If you are not up to date with your home loan payments, or feel that your mortgage payments will be difficult to catch up on with the new interest schedule, you can ask your lender to extend your home loan tenure for a short time. This way, you can continue paying the same EMI amount for a few more months to pay off the home loan. This will give you some respite for the current time being while you try to settle your financial woes.
#6 Make Partial Payments Whenever You Have Additional Amount
Partial payments will help you reduce your home loan interest burden, lowering your monthly repayments and allowing you to save more. Put any bonus, incentive, or FD maturity money into your home loan account. This allows you to pay off your mortgage in smaller installments.
Even regular part-payments of Rs.10,000 can have a significant impact on your total outstanding loan amount. When you make regular part-payments on your home loan, the interest portion is greatly reduced. Even if interest rates rise on a regular basis, the effect can be mitigated significantly.

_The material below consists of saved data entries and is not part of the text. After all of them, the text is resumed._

(* For the inner product <S, T> = sum over (I, J) of S(I;J) * cnj T(I;J), the map tr^+_{ab'} is the
   adjoint of tr_{ab'}, hence <A S, T> = sum over a, b' of <tr_{ab'} S, tr_{ab'} T>.  So the matrix of
   A in the basis of unit tensors is Hermitian, and a Hermitian matrix has no Jordan block of size
   greater than one: A is diagonalisable.  Taking S = T shows that the eigenvalues are real and
   non-negative and that A T = 0 forces every trace of T to vanish, i.e. ker A = V_0.  Since V_1 is
   orthogonal to V_0 and contains Im A, the splitting of an eigenvector expansion into its kernel
   and non-kernel parts gives V = V_0 + Im A with Im A = V_1. *)

section \<open>Hermitian matrices are diagonalisable\<close>

lemma jordan_matrix_entries:
  fixes n_as :: "(nat \<times> 'a::{zero,one}) list"
  assumes "i < sum_list (map fst n_as)" "j < sum_list (map fst n_as)"
  shows "(j \<noteq> i \<and> j \<noteq> Suc i \<longrightarrow> jordan_matrix n_as $$ (i,j) = 0) \<and>
         (j = Suc i \<longrightarrow> jordan_matrix n_as $$ (i,j) = 0 \<or>
            (jordan_matrix n_as $$ (i,j) = 1 \<and> jordan_matrix n_as $$ (i,i) = jordan_matrix n_as $$ (j,j)))"
  using assms
proof (induction n_as arbitrary: i j)
  case Nil
  then show ?case by simp
next
  case (Cons na rest)
  obtain n a where na: "na = (n, a)" by force
  let ?d = "sum_list (map fst rest)"
  have dims: "dim_row (jordan_block n a) = n" "dim_col (jordan_block n a) = n"
    "dim_row (jordan_matrix rest) = ?d" "dim_col (jordan_matrix rest) = ?d" by auto
  have lt: "i < n + ?d" "j < n + ?d" using Cons.prems na by auto
  show ?case
  proof (cases "i < n \<or> j < n")
    case True
    then show ?thesis using lt unfolding na jordan_matrix_Cons by (auto simp: dims)
  next
    case False
    have shift: "jordan_matrix (na # rest) $$ (x, y) = jordan_matrix rest $$ (x - n, y - n)"
      if "\<not> x < n" "\<not> y < n" "x < n + ?d" "y < n + ?d" for x y
      using that unfolding na jordan_matrix_Cons by (auto simp: dims)
    have "(j \<noteq> i) = (j - n \<noteq> i - n)" "(j = Suc i) = (j - n = Suc (i - n))"
      using False by auto
    moreover have "i - n < ?d" "j - n < ?d" using lt False by auto
    ultimately show ?thesis
      using Cons.IH[of "i - n" "j - n"] False lt by (simp add: shift)
  qed
qed
(* For a fuzzy Riesz space $(E,\mu)$ the following are equivalent: (1) $E$ has the fuzzy $\sigma$-order continuity property; (2) every fuzzy lattice homomorphism from $E$ into a fuzzy Archimedean Riesz space is fuzzy $\sigma$-order continuous; (3) every uniformly fuzzy closed fuzzy ideal of $E$ is a fuzzy $\sigma$-ideal.
   Context: A fuzzy order on a real vector space $E$ is a map $\mu:E\times E\to[0,1]$ with $\mu(x,x)=1$; $\mu(x,y)+\mu(y,x)>1$ implies $x=y$; and $\mu(x,z)\ge\sup_{y}\min(\mu(x,y),\mu(y,z))$. Write $x\le y$ for $\mu(x,y)>\frac12$; upper bounds, suprema and infima are taken with respect to this relation. $(E,\mu)$ is a fuzzy ordered linear space if $\mu(x_1,x_2)>\frac12$ implies $\mu(x_1,x_2)\le\mu(x_1+x,x_2+x)$ for all $x$ and $\mu(x_1,x_2)\le\mu(\alpha x_1,\alpha x_2)$ for all $\alpha>0$; it is a fuzzy Riesz space if $x\vee y=\sup\{x,y\}$, $x\wedge y=\inf\{x,y\}$ exist for all $x,y$. $E^+=\{x:0\le x\}$, $|x|=x\vee(-x)$. A fuzzy Riesz space is fuzzy Archimedean if for every nonzero $x\in E^+$ the set $\{\lambda x:\lambda>0\}$ is not bounded above. A fuzzy lattice homomorphism is a linear map $T$ with $T(x\vee y)=Tx\vee Ty$; a linear map is fuzzy positive if $0\le x$ implies $0\le Tx$. A sequence $x_n$ fuzzy order converges to $x$ if there is a sequence $y_n$ decreasing with infimum $0$ and $\mu(|x_n-x|,y_n)>\frac12$ for all $n$; $T$ is fuzzy $\sigma$-order continuous if $x_n\to0$ in fuzzy order implies $Tx_n\to0$ in fuzzy order. $E$ has the fuzzy $\sigma$-order continuity property if every fuzzy positive operator from $E$ into any fuzzy Archimedean fuzzy Riesz space is fuzzy $\sigma$-order continuous. A fuzzy ideal is a vector subspace $A$ such that $\mu(|x|,|y|)>\frac12$ and $y\in A$ imply $x\in A$; it is a fuzzy $\sigma$-ideal if $x_n\in A\cap E^+$, $x_n\uparrow x$ (increasing with supremum $x$) imply $x\in A$. A sequence converges relatively uniformly in fuzzy order to $x$ if there is $w\in E^+$ such that for each $\varepsilon>0$ there is $n(\varepsilon)$ with $\mu(|x-x_n|,\varepsilon w)>\frac12$ for $n>n(\varepsilon)$; a set is uniformly fuzzy closed if it contains all such limits of its sequences. *)

theory Defs
  imports Main "HOL.Real_Vector_Spaces"
begin

text \<open>A fuzzy ordered space is given by a carrier set V (a subspace of a real vector
space type) and a fuzzy relation mu. The space E of the theorem has carrier UNIV.\<close>

definition fuzzy_order :: "'b set \<Rightarrow> ('b \<Rightarrow> 'b \<Rightarrow> real) \<Rightarrow> bool" where
  "fuzzy_order V \<mu> \<longleftrightarrow>
     (\<forall>x\<in>V. \<forall>y\<in>V. 0 \<le> \<mu> x y \<and> \<mu> x y \<le> 1) \<and>
     (\<forall>x\<in>V. \<mu> x x = 1) \<and>
     (\<forall>x\<in>V. \<forall>y\<in>V. \<mu> x y + \<mu> y x > 1 \<longrightarrow> x = y) \<and>
     (\<forall>x\<in>V. \<forall>z\<in>V. (SUP y\<in>V. min (\<mu> x y) (\<mu> y z)) \<le> \<mu> x z)"

definition fle :: "('b \<Rightarrow> 'b \<Rightarrow> real) \<Rightarrow> 'b \<Rightarrow> 'b \<Rightarrow> bool" where
  "fle \<mu> x y \<longleftrightarrow> \<mu> x y > 1/2"

definition is_ub :: "'b set \<Rightarrow> ('b \<Rightarrow> 'b \<Rightarrow> real) \<Rightarrow> 'b set \<Rightarrow> 'b \<Rightarrow> bool" where
  "is_ub V \<mu> S u \<longleftrightarrow> u \<in> V \<and> (\<forall>s\<in>S. fle \<mu> s u)"

definition is_lb :: "'b set \<Rightarrow> ('b \<Rightarrow> 'b \<Rightarrow> real) \<Rightarrow> 'b set \<Rightarrow> 'b \<Rightarrow> bool" where
  "is_lb V \<mu> S u \<longleftrightarrow> u \<in> V \<and> (\<forall>s\<in>S. fle \<mu> u s)"

definition is_sup :: "'b set \<Rightarrow> ('b \<Rightarrow> 'b \<Rightarrow> real) \<Rightarrow> 'b set \<Rightarrow> 'b \<Rightarrow> bool" where
  "is_sup V \<mu> S s \<longleftrightarrow> is_ub V \<mu> S s \<and> (\<forall>u. is_ub V \<mu> S u \<longrightarrow> fle \<mu> s u)"

definition is_inf :: "'b set \<Rightarrow> ('b \<Rightarrow> 'b \<Rightarrow> real) \<Rightarrow> 'b set \<Rightarrow> 'b \<Rightarrow> bool" where
  "is_inf V \<mu> S i \<longleftrightarrow> is_lb V \<mu> S i \<and> (\<forall>u. is_lb V \<mu> S u \<longrightarrow> fle \<mu> u i)"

#7 A Systemic Approach Towards Home Loan Repayments
Home loan repayment requires nothing less than careful financial planning. The ultimate goal is to pay off the principal and interest in smaller monthly installments than you do now. A planned repayment plan allows you to know how much you can afford to pay each month and allows you to better manage your money. It entails sticking to your goals and meeting them on time.
Interest rates are expected to rise by 200 basis points under the current economic scenario. Assume a 100 basis point increase in interest rates. In such a case, new borrowers may wish to consider reducing the loan by prepaying 5% of the outstanding loan amount once per loan year.
Servicing a home loan necessitates some financial prudence. When online shopping and food delivery consume your monthly savings, a few years of self-control and strict spending habits are required.
And, in the case of home loans, this means being consistent with your repayment schedule and sticking to it even when times are tough. Even if it means making sacrifices, this is true. For example, even if you choose to pay Rs 50,000 more in EMIs rather than Rs 10,000 more in partial payments, you may have to reduce certain expenses. However, in the long run, this will help you save significantly more.
The best way to pay off your mortgage is to save enough money to cover your EMIs and other regular payments. If you plan carefully, rising interest rates will have little impact on your ability to repay your mortgage.